■ REQUIRED ACTION:
In the material below, the lines from the one containing "nat \<Rightarrow> 'a list" through the one containing "list \<Rightarrow> 'a)" are to be given again exactly, ends included, and no others.
......
(* Let $X$ be a finite set, $k$ an integer with $1\le k\le|X|-1$, $\mathfrak{C}$ a family of choice functions for $\binom{X}{k}$ and $\mathcal{F}$ the set of (not necessarily simple) averaging functions for $\mathfrak{C}$. Assume $r=r(\mathcal{F})$ satisfies $4\le r<\infty$. Then (1) for every $f\in\mathcal{F}_{[r]}$ there is $\ell(f)\in\{1,\dots,r\}$ such that for every $Y\in\binom{X}{k}$ and every $\bar a\in Y^r$ which is not one-to-one, $f_Y(\bar a)=a_{\ell(f)}$; and (2) $r\le k$.
   Context: $\binom{X}{k}=\{Y\subseteq X:|Y|=k\}$; choice functions satisfy $c(Y)\in Y$. $\mathcal{F}_{[r]}$ is the set of families $f=\langle f_Y:Y\in\binom{X}{k}\rangle$ with $f_Y:Y^r\to Y$, $f_Y(x_1,\dots,x_r)\in\{x_1,\dots,x_r\}$, such that for all $c_1,\dots,c_r\in\mathfrak{C}$, $Y\mapsto f_Y(c_1(Y),\dots,c_r(Y))$ is in $\mathfrak{C}$; $\mathcal{F}=\bigcup_r\mathcal{F}_{[r]}$. $f\in\mathcal{F}_{[r]}$ is a monarchy if for some $t$, $f_Y(\bar x)=x_t$ for all $Y$ and $\bar x\in Y^r$. $r(\mathcal{F})=\min\{r\ge2:\text{some } f\in\mathcal{F}_{[r]}\text{ is not a monarchy}\}$. Standing assumption: every simple $f\in\mathcal{F}$ (with $f_Y$ the restriction of a single function independent of $Y$) is a monarchy. *)

theory Defs
  imports "HOL-Library.FuncSet"
begin

definition ksubsets :: "'a set \<Rightarrow> nat \<Rightarrow> 'a set set" where
  "ksubsets X k = {Y. Y \<subseteq> X \<and> card Y = k}"

definition choice_fun :: "'a set \<Rightarrow> nat \<Rightarrow> ('a set \<Rightarrow> 'a) \<Rightarrow> bool" where
  "choice_fun X k c \<longleftrightarrow> (\<forall>Y\<in>ksubsets X k. c Y \<in> Y) \<and> c \<in> extensional (ksubsets X k)"

definition tuples :: "'a set \<Rightarrow> nat \<Rightarrow> 'a list set" where
  "tuples Y r = {xs. length xs = r \<and> set xs \<subseteq> Y}"

definition compose_fam :: "'a set \<Rightarrow> nat \<Rightarrow> ('a set \<Rightarrow> 'a list \<Rightarrow> 'a) \<Rightarrow> ('a set \<Rightarrow> 'a) list \<Rightarrow> 'a set \<Rightarrow> 'a" where
  "compose_fam X k f cs = (\<lambda>Y. if Y \<in> ksubsets X k then f Y (map (\<lambda>c. c Y) cs) else undefined)"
......
■ YOUR SOLUTION:
definition tuples :: "'a set \<Rightarrow> nat \<Rightarrow> 'a list set" where
  "tuples Y r = {xs. length xs = r \<and> set xs \<subseteq> Y}"

definition compose_fam :: "'a set \<Rightarrow> nat \<Rightarrow> ('a set \<Rightarrow> 'a list \<Rightarrow> 'a) \<Rightarrow> ('a set \<Rightarrow> 'a) list \<Rightarrow> 'a set \<Rightarrow> 'a" where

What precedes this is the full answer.